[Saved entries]
lemma phi_ijk_rev:
  assumes "i \<noteq> j" "i \<noteq> k" "j \<noteq> k"
  shows "phi_ijk n i j k (rev g) = rev (map ((\<oplus>) (i_c n i j k g)) (phi_ijk n i j k g))"
proof (induction g)
  case (Cons x g)
  have i_c_Cons: "i_c n i j k (x # g) = i_c n i j k [x] \<oplus> i_c n i j k g"
    using i_c_append[of n i j k "[x]" g] by simp
  show ?case
  proof (cases "x = {i, j, k}")
    case True
    then show ?thesis
      unfolding phi_ijk_Cons[of n i j k x g] i_c_Cons using Cons.IH i_c_triple[OF assms, of n]
      by (simp add: phi_ijk_append phi_ijk_singleton comp_def)
  next
    case False
    then show ?thesis
      unfolding phi_ijk_Cons[of n i j k x g] i_c_Cons using Cons.IH
      by (simp add: phi_ijk_append phi_ijk_singleton fxor_cancel comp_def)
  qed
qed simp

section \<open>The values of phi_ijk on the generators phi_n(b_st)\<close>

definition restrict0 :: "'b set \<Rightarrow> ('b \<Rightarrow> bool \<times> bool) \<Rightarrow> 'b \<Rightarrow> bool \<times> bool" where
  "restrict0 A f = (\<lambda>l. if l \<in> A then f l else (False, False))"

lemma restrict0_fxor: "restrict0 A f \<oplus> restrict0 A g = restrict0 A (f \<oplus> g)"
  by (simp add: restrict0_def fxor_def fun_eq_iff)

lemma restrict0_cong: "(\<And>l. l \<in> A \<Longrightarrow> f l = g l) \<Longrightarrow> restrict0 A f = restrict0 A g"
  by (simp add: restrict0_def fun_eq_iff)
lemma closure_cond_lift: "closure_cond (lift_vec x u h) y \<longleftrightarrow> orth_sys R x u y"
proof -
  let ?a = "lift_vec x u h"
  have aR: "\<And>i. i \<in> R \<Longrightarrow> ?a i = x i + p * h i" using k_notin_R by (auto simp: lift_vec_def)
  have ak: "?a k = p * u" by (simp add: lift_vec_def)
  have e1: "\<And>i j. i \<in> R \<Longrightarrow> j \<in> R \<Longrightarrow> p^2 dvd p * ?a i * ?a j - ?a k * y i * y j \<longleftrightarrow> p dvd x i * x j - u * y i * y j"
  proof -
    fix i j assume "i \<in> R" "j \<in> R"
    hence "p * ?a i * ?a j - ?a k * y i * y j = p * ((x i + p * h i) * (x j + p * h j) - u * y i * y j)"
      using aR ak by (simp add: algebra_simps)
    hence "p^2 dvd p * ?a i * ?a j - ?a k * y i * y j \<longleftrightarrow> p dvd (x i + p * h i) * (x j + p * h j) - u * y i * y j"
      using p_square_dvd_iff by simp
    also have "\<dots> \<longleftrightarrow> p dvd x i * x j - u * y i * y j"
      by (rule dvd_iff_if_dvd_diff) (simp add: algebra_simps)
    finally show "p^2 dvd p * ?a i * ?a j - ?a k * y i * y j \<longleftrightarrow> p dvd x i * x j - u * y i * y j" .
  qed
  have e2: "\<And>i. i \<in> R \<Longrightarrow> p^2 dvd p * (?a i ^ 2 - ?a i) - ?a k * (y i ^ 2 - y i) \<longleftrightarrow> p dvd x i ^ 2 - x i - u * (y i ^ 2 - y i)"
  proof -
    fix i assume "i \<in> R"
    hence "p * (?a i ^ 2 - ?a i) - ?a k * (y i ^ 2 - y i) = p * ((x i + p * h i) ^ 2 - (x i + p * h i) - u * (y i ^ 2 - y i))"
      using aR ak by (simp add: algebra_simps)
    hence "p^2 dvd p * (?a i ^ 2 - ?a i) - ?a k * (y i ^ 2 - y i) \<longleftrightarrow> p dvd (x i + p * h i) ^ 2 - (x i + p * h i) - u * (y i ^ 2 - y i)"
      using p_square_dvd_iff by simp
    also have "\<dots> \<longleftrightarrow> p dvd x i ^ 2 - x i - u * (y i ^ 2 - y i)"
      by (rule dvd_iff_if_dvd_diff) (simp add: algebra_simps power2_eq_square)
    finally show "p^2 dvd p * (?a i ^ 2 - ?a i) - ?a k * (y i ^ 2 - y i) \<longleftrightarrow> p dvd x i ^ 2 - x i - u * (y i ^ 2 - y i)" .
  qed
  show ?thesis unfolding closure_cond_def orth_sys_def using e1 e2 ak by simp
qed

lemma unlift_lift: assumes "t \<in> ext_orth_sols P Q \<times> Pi0 R {0..<p}" shows "unlift (lift t) = t"
proof -
  obtain x u y h where t: "t = ((x, u, y), h)" by (metis prod.exhaust)
  have h: "x \<in> Pi0 R {0..<p}" "u \<in> {0..<p}" "h \<in> Pi0 R {0..<p}"
    using assms R_split by (auto simp: ext_orth_sols_def t)
  have "(\<lambda>i. if i \<in> R then lift_vec x u h i mod p else 0) = x"
    using h k_notin_R by (auto simp: Pi0_def lift_vec_def fun_eq_iff)
  moreover have "(\<lambda>i. if i \<in> R then lift_vec x u h i div p else 0) = h"
    using h k_notin_R p_nonzero by (auto simp: Pi0_def lift_vec_def fun_eq_iff)
  moreover have "lift_vec x u h k div p = u" using p_nonzero by (simp add: lift_vec_def)
  ultimately show ?thesis by (simp add: lift_def unlift_def t)
qed

lemma lift_unlift: assumes "s \<in> closed_params" shows "lift (unlift s) = s"
proof -
  obtain a b where s: "s = (a, b)" by fastforce
  have ab: "(a, b) \<in> params" "p dvd a k" using assms by (auto simp: closed_params_def closure_cond_def s)
  have "a i = (if i = k then p * (a k div p) else (if i \<in> R then a i mod p else 0) + p * (if i \<in> R then a i div p else 0))" for i
    using params_zero(1)[OF ab(1), of i] ab(2) by (cases "i \<in> R") auto
  thus ?thesis by (simp add: lift_def unlift_def lift_vec_def fun_eq_iff s)
qed

lemma lift_vec_range:
  assumes "x \<in> Pi0 R {0..<p}" "u \<in> {0..<p}" "h \<in> Pi0 R {0..<p}"
  shows "lift_vec x u h \<in> Pi0 {1..<m} {0..<p^2}"
  unfolding Pi0_def
proof (intro CollectI conjI allI impI ballI)
  fix i assume i: "i \<in> {1..<m}"
  show "lift_vec x u h i \<in> {0..<p^2}"
  proof (cases "i = k")
    case True thus ?thesis using assms(2) p_ge_2 by (auto simp: power2_eq_square lift_vec_def)
  next
    case False
    hence "i \<in> R" using i by (auto simp: R_def)
    hence r: "0 \<le> x i" "x i < p" "0 \<le> h i" "h i \<le> p - 1" using assms(1,3) by (auto simp: Pi0_def)
    have "p * h i \<le> p * (p - 1)" using r(4) p_ge_2 by (intro mult_left_mono) auto
    hence "x i + p * h i < p^2" using r(2) by (simp add: power2_eq_square algebra_simps)
    thus ?thesis using False r p_ge_2 by (simp add: lift_vec_def)
  qed
next
  fix i assume "i \<notin> {1..<m}"
  hence "i \<notin> R" "i \<noteq> k" using k_facts by (auto simp: R_def)
  thus "lift_vec x u h i = 0" using assms(1,3) by (auto simp: Pi0_def lift_vec_def)
qed

lemma lift_in_closed_params: assumes "t \<in> ext_orth_sols P Q \<times> Pi0 R {0..<p}" shows "lift t \<in> closed_params"
proof -
  obtain x u y h where t: "t = ((x, u, y), h)" by (metis prod.exhaust)
  have h: "x \<in> Pi0 R {0..<p}" "u \<in> {0..<p}" "y \<in> Pi0 Q {0..<p}" "h \<in> Pi0 R {0..<p}"
    "orth_idem_on P Q x" "orth_sys Q x u y" using assms R_split by (auto simp: ext_orth_sols_def t)
  have "closure_cond (lift_vec x u h) y"
    using closure_cond_lift orth_sys_R_iff[OF h(3)] h by blast
  thus ?thesis using lift_vec_range[OF h(1,2,4)] h(3)
    by (simp add: lift_def closed_params_def params_def t)
qed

> [WORK TASK] Total lines with "False" in the records above: report that figure alone.

> [WRITTEN SOLUTION] 4